Yes, the current European Commissioner for Energy Maroš Šefčovič represents Slovakia and this fact should not be completely discounted. However, in general, Slovakia’s vote is not so powerful that those who will make decisions in Brussels listen to it.
Proceeding from this analysis, the conclusion follows: the construction of the Nord Stream 2 is almost a solved matter and the Ukrainian side will not be able to disrupt the project.
At least, the probability of such a scenario is not high. Another issue is the Turkish Stream gas pipeline, bypassing Ukraine along the Black Sea bed. This is a project to replace the South Stream, from which Gazprom had to refuse earlier.
The construction of the Turkish Stream 1 is already under way. But it is designed to meet the needs of the Turkish economy. Therefore, this part of the project does not threat the Ukrainian GTS.

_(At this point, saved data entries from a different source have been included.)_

(* Let $G=(V,E)$ be a directed graph on $n$ vertices in which every vertex has at least one out-neighbor, accessible only through Jump and RandomCrawl queries, let $\alpha\in(0,1)$ be a fixed constant (the teleportation probability), and let $1\le \Delta\le n$. Then the running time (number of queries plus all computation) of the algorithm ApproximatePageRank described below, run on $G$ with threshold $\Delta$, is at most $\tilde{O}(n/\Delta)$, where $\tilde{O}$ hides factors polylogarithmic in $n$ and the dependence on $\alpha$ is ignored.
   Context: Query model: a Jump query takes no input and returns a vertex of $G$ chosen uniformly at random; a RandomCrawl query takes a vertex $v$ and returns an out-neighbor of $v$ chosen uniformly at random. All logarithms are base 2. Subroutine ApproxRow$(v,\epsilon,\rho)$ (with $0<\epsilon,\rho<1$): set $\ell=\log_{1/(1-\alpha)}(4/\epsilon)$ and $r=16\log(n)/(\epsilon\rho^2)$. Repeat $r$ times: run a walk starting at $v$ in which at each step, with probability $\alpha$ the walk makes a termination step (and stops), and with probability $1-\alpha$ it moves to RandomCrawl of its current vertex; the walk is artificially stopped after $\ell$ steps if it has not terminated. If the walk made a termination step while at vertex $u$, add 1 to a counter of $u$ (stored in a binary search tree keyed by vertex identity). Output every vertex with a nonzero counter together with its counter divided by $r$ (its estimated value). Algorithm ApproximatePageRank (input $\Delta$): maintain a binary search tree ChunkTree of counters keyed by pairs (vertex, scale). For $t=0,1,\dots,\log(4n/\Delta)$: set $\epsilon_t=2^{-t}$; repeat $4\,\epsilon_t (n/\Delta)\log^2(n)$ times: Jump to a random vertex $v$, call ApproxRow$(v,\epsilon_t/2,1/2)$, and for each vertex $j$ in the returned list (whose estimated value lies in the chunk of scale $\epsilon_t$, i.e. in $[\epsilon_t,2\epsilon_t)$) add 1 to the counter with key $(j,\epsilon_t)$, creating it with value 1 if absent. Second part: for every key $(j,\epsilon)$ in ChunkTree whose counter value is at least $\tfrac12\log n$, add $\frac{\Delta}{2\epsilon\log^2(n)}$ to an accumulator of $j$ (stored in a binary search tree keyed by vertex). Finally output every vertex whose accumulator is at least $\Delta/4$, together with its accumulated value. *)

theory Defs
  imports Complex_Main
begin
(* Let $K$ be an algebraically closed field of characteristic zero, let $n\ge 3$, let $R=K[x_1,\dots,x_n]$ and let $S=K[X_1,\dots,X_n]$ be the divided power algebra, viewed as an $R$-module via contraction. Let $1\le r\le n-1$, let $a_1,\dots,a_n\ge 0$ and $b_1,\dots,b_n\ge 1$ be integers with $\sum_{i=1}^r b_i=\sum_{j=r+1}^n b_j>0$, and consider the binomial $$F=X_1^{a_1}X_2^{a_2}\cdots X_n^{a_n}\left(X_1^{b_1}X_2^{b_2}\cdots X_r^{b_r}-X_{r+1}^{b_{r+1}}\cdots X_n^{b_n}\right)\in S.$$ Then $A_F=R/\operatorname{Ann}_R(F)$ is a complete intersection if and only if, after changing coordinates (relabeling the variables and, if necessary, interchanging the roles of the two monomial factors, i.e. replacing $F$ by $-F$, which does not change $\operatorname{Ann}_R(F)$), we have $r=n-1$ and there exists an integer $1\le i\le n-1$ such that $a_i<q\,b_i$, where $q=\left\lfloor \frac{a_n+1}{b_n}\right\rfloor$. Moreover, in this case, setting $m=\min\left\{\left\lfloor \frac{a_j}{b_j}\right\rfloor \mid 1\le j\le n-1\right\}+1$, we have $$\operatorname{Ann}_R(F)=\left(x_1^{a_1+b_1+1},x_2^{a_2+b_2+1},\dots,x_{n-1}^{a_{n-1}+b_{n-1}+1},\,G\right),\qquad G=x_n^{a_n+1}+\sum_{j=1}^m\left(x_1^{b_1}\cdots x_{n-1}^{b_{n-1}}\right)^{j}x_n^{a_n+1-jb_n}.$$
   Context: The divided power algebra $S=K[X_1,\dots,X_n]$ is an $R$-module via the contraction action $x_i\circ X_j^k=\delta_{ij}X_j^{k-1}$ if $k>0$ and $0$ otherwise (extended multiplicatively and linearly), with $\deg X_i=\deg x_i=1$. For a homogeneous $F\in S$, $\operatorname{Ann}_R(F)=\{f\in R\mid f\circ F=0\}$, and $A_F=R/\operatorname{Ann}_R(F)$ is the associated Artinian Gorenstein graded $K$-algebra ($F$ is its Macaulay dual generator). $A_F$ is a complete intersection if $\operatorname{Ann}_R(F)$ is generated by a regular sequence (equivalently, by $n$ elements). *)

theory Defs
  imports "HOL-Library.Poly_Mapping" "HOL-Computational_Algebra.Polynomial"
begin

text \<open>Variables x_1..x_n (resp. X_1..X_n) are the indices 1..n.
  The same carrier type is used for R (with its usual ring structure) and, as a
  K-vector space with basis the divided-power monomials X^[alpha], for S.\<close>

type_synonym 'k mpoly = "(nat \<Rightarrow>\<^sub>0 nat) \<Rightarrow>\<^sub>0 'k"

definition in_vars :: "nat \<Rightarrow> ('k::zero) mpoly \<Rightarrow> bool" where
  "in_vars n p \<longleftrightarrow> (\<forall>mm::nat \<Rightarrow>\<^sub>0 nat. mm \<in> Poly_Mapping.keys p \<longrightarrow> Poly_Mapping.keys mm \<subseteq> {1..n})"

definition contract :: "('k::comm_ring_1) mpoly \<Rightarrow> 'k mpoly \<Rightarrow> 'k mpoly" where
  "contract f F =
     (\<Sum>\<alpha>\<in>Poly_Mapping.keys f. \<Sum>\<beta>\<in>Poly_Mapping.keys F.
        if (\<forall>i. Poly_Mapping.lookup \<alpha> i \<le> Poly_Mapping.lookup \<beta> i)
        then Poly_Mapping.single (\<beta> - \<alpha>) (Poly_Mapping.lookup f \<alpha> * Poly_Mapping.lookup F \<beta>) else 0)"

definition Ann :: "nat \<Rightarrow> ('k::comm_ring_1) mpoly \<Rightarrow> 'k mpoly set" where
  "Ann n F = {f. in_vars n f \<and> contract f F = 0}"

definition ideal_gen :: "nat \<Rightarrow> ('k::comm_ring_1) mpoly list \<Rightarrow> 'k mpoly set" where
  "ideal_gen n gs = {(\<Sum>i<length gs. h i * gs ! i) | h. \<forall>i. in_vars n (h i)}"

text \<open>A_F is a complete intersection: Ann_R(F) is generated by n elements of R.\<close>
definition is_CI :: "nat \<Rightarrow> ('k::comm_ring_1) mpoly \<Rightarrow> bool" where
  "is_CI n F \<longleftrightarrow> (\<exists>gs. length gs = n \<and> (\<forall>g\<in>set gs. in_vars n g) \<and> Ann n F = ideal_gen n gs)"

definition expv :: "nat set \<Rightarrow> (nat \<Rightarrow> nat) \<Rightarrow> (nat \<Rightarrow>\<^sub>0 nat)" where
  "expv I e = (\<Sum>i\<in>I. Poly_Mapping.single i (e i))"

definition mon :: "(nat \<Rightarrow>\<^sub>0 nat) \<Rightarrow> ('k::comm_ring_1) mpoly" where
  "mon \<alpha> = Poly_Mapping.single \<alpha> 1"

definition xpow :: "nat \<Rightarrow> nat \<Rightarrow> ('k::comm_ring_1) mpoly" where
  "xpow i e = mon (Poly_Mapping.single i e)"

definition binomF :: "nat \<Rightarrow> nat \<Rightarrow> (nat \<Rightarrow> nat) \<Rightarrow> (nat \<Rightarrow> nat) \<Rightarrow> ('k::comm_ring_1) mpoly" where
  "binomF n r a b = mon (expv {1..n} a + expv {1..r} b) - mon (expv {1..n} a + expv {r+1..n} b)"

definition alg_closed :: "'k::field itself \<Rightarrow> bool" where
  "alg_closed _ \<longleftrightarrow> (\<forall>p::'k poly. degree p > 0 \<longrightarrow> (\<exists>x. poly p x = 0))"

end

theory Submission
  imports Defs "Jordan_Normal_Form.Determinant"
begin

Another matter is Turkish Stream 2, which provides for the further transit of Russian gas to Greece, Italy, Serbia, Bulgaria, Croatia.
ENI can stop this project, becoming the operator of the Ukrainian gas transmission system in conjunction with Ukrtransgaz and investing into the modernization of the Ukrainian "pipeline" in the south.
Again, given the love of Europeans for half-hearted decisions (as it was in the case with the verdict of Stockholm arbitration in the dispute between Naftogaz and Gazprom), it is logical to assume that Nord Stream 2 will still receive a green light, while Turkish Stream 2 will be blocked in Brussels.
This means that Ukraine will lose not 3% of its gross domestic product due to a complete loss of revenues from gas transit, but approximately 1.5%.
But the remaining "perks" will have to be shared with consortium partners, managing the Ukrainian "pipeline". Totally, it turns out that only 0.75% -1% of GDP will be saved. It's not much. but better than nothing at all.
And everything else will be fine.
World prices for commodities - iron ore, steel, wheat, sunflower, etc. - are at a relatively decent level and there is no reason for their collapse in the foreseeable future.
This will support both the hryvnia exchange rate and the Ukrainian economy as a whole. It should be positively affected by the recovery of the financial system - the growth of the capitalization of banks and the transition to new requirements for transparency of operations, etc.